Konstantin
Konstantin

Reputation: 3123

Finding the longest growing sequence in an array of arrays with Ruby

I have an array of arrays which contains integers. For example:

arr=[[109, 160, 184, 229],
[45, 67, 158, 175, 201, 250, 273],
[33, 86, 89, 182, 245, 251, 254, 272],
[35, 76, 93, 143, 222, 267],
[189, 242],
[19],
[41, 58, 135, 256],
[59],
[60, 138, 183, 203, 246],
[45, 67, 158, 175, 197, 201, 250, 273],
[55, 57, 101, 103, 193, 212, 231, 257],
[18, 23, 51, 75, 106, 139, 179, 247],
[31, 72, 92, 99, 148, 230],
[128, 142, 151, 164, 170, 173, 196, 226],
[15],
[4],
[41, 113, 135, 256],
[33, 251]]

Look at the whole example array here http://pastebin.com/exzi8Mnq

Every nested array is sorted, and contains uniqe elements, no duplicates, they contains at least one element, at most there are no limit (usually maximum 10-15 elements) and 200-2000 nested arrays in total.

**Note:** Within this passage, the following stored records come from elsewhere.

lemma decreasing_sets_in_ultrafilter:
  fixes S :: "nat \<Rightarrow> nat set"
  assumes anti: "\<And>m m'. m \<le> m' \<Longrightarrow> S m' \<subseteq> S m" and ne: "\<And>m. S m \<noteq> {}"
  shows "\<exists>p. is_ultrafilter p \<and> range S \<subseteq> p"
proof (rule filter_base_in_ultrafilter)
  show "\<forall>A\<in>range S. \<forall>B\<in>range S. \<exists>D\<in>range S. D \<subseteq> A \<inter> B"
  proof (intro ballI)
    fix A B assume "A \<in> range S" "B \<in> range S"
    then obtain m m' where "A = S m" "B = S m'" by blast
    then have "S (max m m') \<subseteq> A \<inter> B" using anti by simp
    then show "\<exists>D\<in>range S. D \<subseteq> A \<inter> B" by blast
  qed
  show "{} \<notin> range S" using ne by (metis rangeE)
qed

section \<open>The Stone topology on \<open>\<beta>\<nat>\<close>\<close>

text \<open>\<open>p\<close> is in the closure of \<open>X\<close> iff every basic neighbourhood \<open>{q. A \<in> q}\<close>, \<open>A \<in> p\<close>, meets \<open>X\<close>.\<close>

definition uf_closed :: "nat set set set \<Rightarrow> bool" where
  "uf_closed X \<longleftrightarrow> X \<subseteq> betaN \<and> (\<forall>p\<in>betaN. (\<forall>A\<in>p. \<exists>q\<in>X. A \<in> q) \<longrightarrow> p \<in> X)"

lemma uf_closed_ultrafilter: "uf_closed X \<Longrightarrow> x \<in> X \<Longrightarrow> is_ultrafilter x"
  by (auto simp: uf_closed_def betaN_def)

lemma uf_closed_Inter:
  assumes "\<F> \<noteq> {}" "\<forall>C\<in>\<F>. uf_closed C"
  shows "uf_closed (\<Inter>\<F>)"
  unfolding uf_closed_def
proof (intro conjI ballI impI)
  show "\<Inter>\<F> \<subseteq> betaN" using assms unfolding uf_closed_def by blast
next
  fix p assume p: "p \<in> betaN" and near: "\<forall>A\<in>p. \<exists>q\<in>\<Inter>\<F>. A \<in> q"
  show "p \<in> \<Inter>\<F>"
  proof
    fix C assume C: "C \<in> \<F>"
    have "\<forall>A\<in>p. \<exists>q\<in>C. A \<in> q"
    proof
      fix A assume "A \<in> p"
      with near obtain q where "q \<in> \<Inter>\<F>" "A \<in> q" by blast
      with C show "\<exists>q\<in>C. A \<in> q" by blast
    qed
    with assms(2) C p show "p \<in> C" unfolding uf_closed_def by blast
  qed
qed

lemma uf_closed_Int: "uf_closed A \<Longrightarrow> uf_closed B \<Longrightarrow> uf_closed (A \<inter> B)"
  using uf_closed_Inter[of "{A, B}"] by simp

lemma uf_closed_containing: "uf_closed {p \<in> betaN. \<B> \<subseteq> p}"
  unfolding uf_closed_def
proof (intro conjI ballI impI)
  fix p assume p: "p \<in> betaN" and near: "\<forall>A\<in>p. \<exists>q\<in>{p \<in> betaN. \<B> \<subseteq> p}. A \<in> q"
  have "A \<in> p" if "A \<in> \<B>" for A
  proof (rule ccontr)
    assume "A \<notin> p"
    then have "- A \<in> p" using p uf_Compl by (auto simp: betaN_def)
    with near obtain q where "q \<in> betaN" "\<B> \<subseteq> q" "- A \<in> q" by blast
    with that show False using uf_Compl by (auto simp: betaN_def)
  qed
  with p show "p \<in> {p \<in> betaN. \<B> \<subseteq> p}" by blast
qed auto

lemma uf_closed_betaN: "uf_closed betaN"
  using uf_closed_containing[of "{}"] by simp

lemma uf_closed_memI:
  assumes C: "uf_closed C" and p: "is_ultrafilter p" and common: "\<And>A. \<forall>q\<in>C. A \<in> q \<Longrightarrow> A \<in> p"
  shows "p \<in> C"
proof -
  have "\<exists>q\<in>C. A \<in> q" if "A \<in> p" for A
  proof (rule ccontr)
    assume "\<not> (\<exists>q\<in>C. A \<in> q)"
    then have "\<forall>q\<in>C. - A \<in> q" using uf_closed_ultrafilter[OF C] uf_Compl by blast
    then have "- A \<in> p" by (rule common)
    with that show False using uf_Compl[OF p] by blast
  qed
  then show ?thesis using C p unfolding uf_closed_def betaN_def by blast
qed

lemma uf_closed_directed_Inter_nonempty:
  assumes ne: "\<F> \<noteq> {}" and cl: "\<forall>C\<in>\<F>. uf_closed C \<and> C \<noteq> {}"
    and dir: "\<forall>C1\<in>\<F>. \<forall>C2\<in>\<F>. \<exists>C3\<in>\<F>. C3 \<subseteq> C1 \<inter> C2"
  shows "\<Inter>\<F> \<noteq> {}"
proof -
  have uf: "is_ultrafilter q" if "C \<in> \<F>" "q \<in> C" for C q
    using cl that uf_closed_ultrafilter by blast
  define \<B> where "\<B> = {A. \<exists>C\<in>\<F>. \<forall>q\<in>C. A \<in> q}"
  have "\<forall>A\<in>\<B>. \<forall>B\<in>\<B>. \<exists>D\<in>\<B>. D \<subseteq> A \<inter> B"
  proof (intro ballI)
    fix A B assume "A \<in> \<B>" "B \<in> \<B>"
    then obtain C1 C2 where C12: "C1 \<in> \<F>" "C2 \<in> \<F>" "\<forall>q\<in>C1. A \<in> q" "\<forall>q\<in>C2. B \<in> q"
      unfolding \<B>_def by blast
    obtain C3 where C3: "C3 \<in> \<F>" "C3 \<subseteq> C1 \<inter> C2" using dir C12(1,2) by meson
    have "A \<inter> B \<in> q" if "q \<in> C3" for q
    proof -
      have "q \<in> C1" "q \<in> C2" using that C3(2) by auto
      then show ?thesis using C12(3,4) uf_Int[OF uf[OF C3(1) that]] by simp
    qed
    then have "A \<inter> B \<in> \<B>" unfolding \<B>_def using C3(1) by auto
    then show "\<exists>D\<in>\<B>. D \<subseteq> A \<inter> B" by blast
  qed
  moreover have "{} \<notin> \<B>"
  proof
    assume "{} \<in> \<B>"
    then obtain C where C: "C \<in> \<F>" "\<forall>q\<in>C. {} \<in> q" unfolding \<B>_def by blast
    moreover obtain q where "q \<in> C" using C(1) cl by blast
    ultimately show False using uf uf_empty by blast
  qed
  ultimately obtain p where p: "is_ultrafilter p" "\<B> \<subseteq> p"
    using filter_base_in_ultrafilter by blast
  have "p \<in> C" if "C \<in> \<F>" for C
    using uf_closed_memI[OF _ p(1)] cl p(2) that unfolding \<B>_def by blast
  then show ?thesis by blast
qed

lemma subset_Zorn_minimal:
  assumes "\<A> \<noteq> {}"
    and ch: "\<And>\<C>. \<C> \<noteq> {} \<Longrightarrow> \<C> \<subseteq> \<A> \<Longrightarrow> (\<forall>X\<in>\<C>. \<forall>Y\<in>\<C>. X \<subseteq> Y \<or> Y \<subseteq> X) \<Longrightarrow> \<Inter>\<C> \<in> \<A>"
  shows "\<exists>M\<in>\<A>. \<forall>X\<in>\<A>. X \<subseteq> M \<longrightarrow> X = M"
proof -
  have "\<exists>M\<in>uminus ` \<A>. \<forall>X\<in>uminus ` \<A>. M \<subseteq> X \<longrightarrow> X = M"
  proof (rule subset_Zorn_nonempty)
    show "uminus ` \<A> \<noteq> {}" using assms(1) by blast
  next
    fix \<C> assume C: "\<C> \<noteq> {}" "subset.chain (uminus ` \<A>) \<C>"
    then have "uminus ` \<C> \<noteq> {}" "uminus ` \<C> \<subseteq> \<A>"
      "\<forall>X\<in>uminus ` \<C>. \<forall>Y\<in>uminus ` \<C>. X \<subseteq> Y \<or> Y \<subseteq> X"
      unfolding subset_chain_def by auto
    then have "\<Inter>(uminus ` \<C>) \<in> \<A>" by (rule ch)
    moreover have "\<Union>\<C> = - \<Inter>(uminus ` \<C>)" by auto
    ultimately show "\<Union>\<C> \<in> uminus ` \<A>" by (metis image_eqI)
  qed
  then obtain M where "M \<in> \<A>" "\<forall>X\<in>\<A>. - M \<subseteq> - X \<longrightarrow> - X = - M" by auto
  then show ?thesis by (metis Compl_subset_Compl_iff compl_eq_compl_iff)
qed
lemma perturbed_solution_norm_le:
  assumes x': "x' \<in> sol_set (\<lambda>x. A x + dA x) (b + db) (c + dc) K"
  shows "norm x' \<le> sol_radius"
proof -
  obtain z0 where z0: "z0 \<in> feasible_set (\<lambda>x. A x + dA x) (b + db) K"
    and "norm (z0 - x0) \<le> restoration_const * \<delta>"
    using perturbed_feasible_near[OF x0_feasible norm_x0_le_level_radius] by blast
  moreover have "restoration_const * \<delta> \<le> restoration_const"
    using restoration_const_nonneg \<delta>_le_1 by (simp add: mult_left_le)
  ultimately have "norm z0 \<le> level_radius + restoration_const"
    using norm_x0_le_level_radius norm_triangle_ineq2[of z0 x0] by linarith
  have "inner (c + dc) x' \<le> inner (c + dc) z0"
    using x' z0 by (simp add: sol_set_def)
  also have "\<dots> \<le> norm (c + dc) * norm z0"
    using Cauchy_Schwarz_ineq2[of "c + dc" z0] by linarith
  also have "\<dots> \<le> (norm c + 1) * (level_radius + restoration_const)"
    using \<open>norm z0 \<le> level_radius + restoration_const\<close> norm_triangle_ineq[of c dc] dc_le \<delta>_le_1
    by (intro mult_mono) auto
  finally have "\<rho> / 2 * norm x' \<le> (norm c + 1) * (level_radius + restoration_const) + norm y0 * (norm b + 1)"
    using perturbed_objective_coercive[of x'] x' by (simp add: sol_set_def)
  then show ?thesis
    using \<rho>_pos by (simp add: sol_radius_def field_simps)
qed

lemma residual_le:
  assumes x': "x' \<in> sol_set (\<lambda>x. A x + dA x) (b + db) (c + dc) K"
  shows "norm (A x' - b) \<le> (1 + sol_radius) * \<delta>"
proof -
  have "A x' - b = db - dA x'" using x' by (simp add: sol_set_def feasible_set_def algebra_simps)
  then have "norm (A x' - b) \<le> \<delta> + \<delta> * norm x'"
    using norm_triangle_ineq4[of db "dA x'"] db_le dA_bound[of x'] by simp
  also have "\<dots> \<le> \<delta> + \<delta> * sol_radius"
    using perturbed_solution_norm_le[OF x'] \<delta>_nonneg by (simp add: mult_left_mono)
  finally show ?thesis by (simp add: algebra_simps)
qed

lemma opt_val_minus_objective_le:
  assumes x': "x' \<in> sol_set (\<lambda>x. A x + dA x) (b + db) (c + dc) K"
  shows "opt_val A b c K - inner c x'
    \<le> norm c * (B * (1 + sol_radius) / r) * (sol_radius + level_radius + r) * \<delta>"
proof -
  define t where "t = B * norm (A x' - b) / r"
  have Bt: "B * norm (A x' - b) \<le> B * (1 + sol_radius) * \<delta>"
    using mult_left_mono[OF residual_le[OF x'], of B] B_pos by (simp add: mult.assoc)
  have "0 \<le> t" using B_pos r_pos by (simp add: t_def)
  have "t \<le> 1" using Bt \<delta>_le_sol r_pos by (simp add: t_def)
  have "x' \<in> K" using x' by (simp add: sol_set_def feasible_set_def)
  have "b - A ((1 - t) *\<^sub>R x' + t *\<^sub>R x0) = (1 - t) *\<^sub>R (b - A x')"
    unfolding linear_add[OF linear_A] linear_cmul[OF linear_A] A_x0 by (simp add: algebra_simps)
  then have "B * norm (b - A ((1 - t) *\<^sub>R x' + t *\<^sub>R x0)) \<le> t * r"
    using \<open>0 \<le> t\<close> \<open>t \<le> 1\<close> B_pos r_pos
    by (simp add: t_def norm_minus_commute mult_left_le_one_le)
  then obtain z where "z \<in> K" "A z = b" and z_near: "norm (z - x') \<le> t * (norm x' + norm x0 + r)"
    using feasibility_restoration[OF convex_K primal_ball \<open>x' \<in> K\<close> linear_A _ \<open>0 \<le> t\<close> \<open>t \<le> 1\<close>]
      A_R R_bound by blast
  have "opt_val A b c K \<le> inner c x' + inner c (z - x')"
    using opt_val_le[of z] \<open>z \<in> K\<close> \<open>A z = b\<close> by (simp add: feasible_set_def inner_diff_right)
  also have "inner c (z - x') \<le> norm c * (t * (sol_radius + level_radius + r))"
    using Cauchy_Schwarz_ineq2[of c "z - x'"] z_near perturbed_solution_norm_le[OF x']
      norm_x0_le_level_radius \<open>0 \<le> t\<close>
    by (smt (verit) mult_left_mono norm_ge_zero)
  also have "t \<le> B * (1 + sol_radius) * \<delta> / r"
    using Bt r_pos by (simp add: t_def divide_right_mono)
  finally show ?thesis
    using sol_radius_nonneg level_radius_nonneg r_pos
    by (simp add: mult_left_mono mult_right_mono mult_ac)
qed

lemma objective_minus_opt_val_le:
  assumes x': "x' \<in> sol_set (\<lambda>x. A x + dA x) (b + db) (c + dc) K"
  shows "inner c x' - opt_val A b c K
    \<le> (norm c * restoration_const + level_radius + restoration_const + sol_radius) * \<delta>"
proof -
  have "inner c x' - (norm c * restoration_const + level_radius + restoration_const + sol_radius) * \<delta> \<le> inner c x"
    if x: "x \<in> feasible_set A b K" and x_le: "norm x \<le> level_radius" for x
  proof -
    obtain z where z: "z \<in> feasible_set (\<lambda>x. A x + dA x) (b + db) K"
      and z_near: "norm (z - x) \<le> restoration_const * \<delta>"
      using perturbed_feasible_near[OF x x_le] by blast
    have "restoration_const * \<delta> \<le> restoration_const"
      using restoration_const_nonneg \<delta>_le_1 by (simp add: mult_left_le)
    with z_near x_le have z_le: "norm z \<le> level_radius + restoration_const"
      using norm_triangle_ineq2[of z x] by linarith
    have "inner c x' + inner dc x' \<le> inner c z + inner dc z"
      using x' z by (simp add: sol_set_def inner_add_left)
    moreover have "inner c z \<le> inner c x + norm c * (restoration_const * \<delta>)"
      using Cauchy_Schwarz_ineq2[of c "z - x"] mult_left_mono[OF z_near norm_ge_zero[of c]]
      by (simp add: inner_diff_right)
    moreover have "inner dc z \<le> (level_radius + restoration_const) * \<delta>"
      using Cauchy_Schwarz_ineq2[of dc z] dc_le z_le
      by (smt (verit) mult.commute mult_mono norm_ge_zero)
    moreover have "- inner dc x' \<le> sol_radius * \<delta>"
      using Cauchy_Schwarz_ineq2[of dc x'] dc_le perturbed_solution_norm_le[OF x']
      by (smt (verit) mult.commute mult_mono norm_ge_zero)
    ultimately show ?thesis by (simp add: algebra_simps)
  qed
  then show ?thesis
    using le_opt_val by fastforce
qed

end

lemma (in slater_conic_program) perturbed_solution_error:
  "\<exists>\<epsilon>0>0. \<exists>C\<ge>0. \<forall>dA db dc x'. linear dA \<longrightarrow> onorm dA + norm db + norm dc \<le> \<epsilon>0 \<longrightarrow>
     x' \<in> sol_set (\<lambda>x. A x + dA x) (b + db) (c + dc) K \<longrightarrow>
     \<bar>inner c x' - opt_val A b c K\<bar> \<le> C * (onorm dA + norm db + norm dc) \<and>
     norm (A x' - b) \<le> C * (onorm dA + norm db + norm dc)"
proof -
  define \<epsilon>0 where "\<epsilon>0 = Min {1, 1 / (2 * B), r / (2 * B * (1 + level_radius)),
    \<rho> / (2 * (norm y0 + 1)), r / (B * (1 + sol_radius))}"
  define C_low where "C_low = norm c * (B * (1 + sol_radius) / r) * (sol_radius + level_radius + r)"
  define C_up where "C_up = norm c * restoration_const + level_radius + restoration_const + sol_radius"
  define C where "C = max (1 + sol_radius) (max C_low C_up)"
  have pos: "0 < 2 * B" "0 < 2 * B * (1 + level_radius)" "0 < 2 * (norm y0 + 1)"
    "0 < B * (1 + sol_radius)"
    using B_pos level_radius_nonneg sol_radius_nonneg by (simp_all add: add_nonneg_pos add_pos_nonneg)
  then have "0 < \<epsilon>0"
    using r_pos \<rho>_pos unfolding \<epsilon>0_def by auto
  moreover have "0 \<le> C"
    using sol_radius_nonneg by (simp add: C_def le_max_iff_disj)
  moreover have "\<bar>inner c x' - opt_val A b c K\<bar> \<le> C * (onorm dA + norm db + norm dc)
      \<and> norm (A x' - b) \<le> C * (onorm dA + norm db + norm dc)"
    if "linear dA" and small: "onorm dA + norm db + norm dc \<le> \<epsilon>0"
      and x': "x' \<in> sol_set (\<lambda>x. A x + dA x) (b + db) (c + dc) K" for dA db dc x'
  proof -
    define \<delta> where "\<delta> = onorm dA + norm db + norm dc"
    have "\<delta> \<le> 1" "\<delta> \<le> 1 / (2 * B)" "\<delta> \<le> r / (2 * B * (1 + level_radius))"
      "\<delta> \<le> \<rho> / (2 * (norm y0 + 1))" "\<delta> \<le> r / (B * (1 + sol_radius))"
      using small unfolding \<delta>_def[symmetric] \<epsilon>0_def by auto
    then have "\<delta> \<le> 1" "2 * B * \<delta> \<le> 1" "2 * B * (1 + level_radius) * \<delta> \<le> r"
      "2 * (norm y0 + 1) * \<delta> \<le> \<rho>" "B * (1 + sol_radius) * \<delta> \<le> r"
      using pos by (simp_all only: pos_le_divide_eq mult.commute)
    moreover have "onorm dA \<le> \<delta>" "norm db \<le> \<delta>" "norm dc \<le> \<delta>"
      using onorm_pos_le[of dA] \<open>linear dA\<close> by (auto simp: \<delta>_def linear_conv_bounded_linear)
    ultimately interpret small_perturbation K A b c x0 r y0 \<rho> R B dA db dc \<delta>
      using \<open>linear dA\<close>
      by (intro small_perturbation.intro[OF slater_conic_program_axioms]
          small_perturbation_axioms.intro)
    have "C_low * \<delta> \<le> C * \<delta>" "C_up * \<delta> \<le> C * \<delta>" "(1 + sol_radius) * \<delta> \<le> C * \<delta>"
      using \<delta>_nonneg by (simp_all add: C_def mult_right_mono)
    then show ?thesis
      using opt_val_minus_objective_le[OF x'] objective_minus_opt_val_le[OF x'] residual_le[OF x']
      unfolding C_low_def C_up_def \<delta>_def[symmetric] by linarith
  qed
  ultimately show ?thesis
    by (intro exI[of _ \<epsilon>0] exI[of _ C] conjI allI impI) auto
qed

I would like to find the longest sequence of the integers across the arrays which elements monotonously grows, without equality. For example one element from the first array, the second is from the second array, etc. Every nested array should provide only one element or zero. Maybe the first element doesn't origin from the first array, but the second, or third, or more, to ensure finally the longest growing sequence. In top of that some of the nested arrays could be skipped, I mean they don't provide any element to the result sequence.

You can imagine a looong number in a numeral system which radix is equal to the size of the largest nested array and the digits may refer to the the nested arrays, so we can count all the possible sequences. For example 0123 would represent that sequence that first element is chosen from the second array, and its index is 0 (1-1). Second element is chosen from the 3rd array, and its index is 2 (3-1) First digit 0 represents that no integer is chosen from the first array. The allowed maximal value of a digit is limited by the size of the given nested array.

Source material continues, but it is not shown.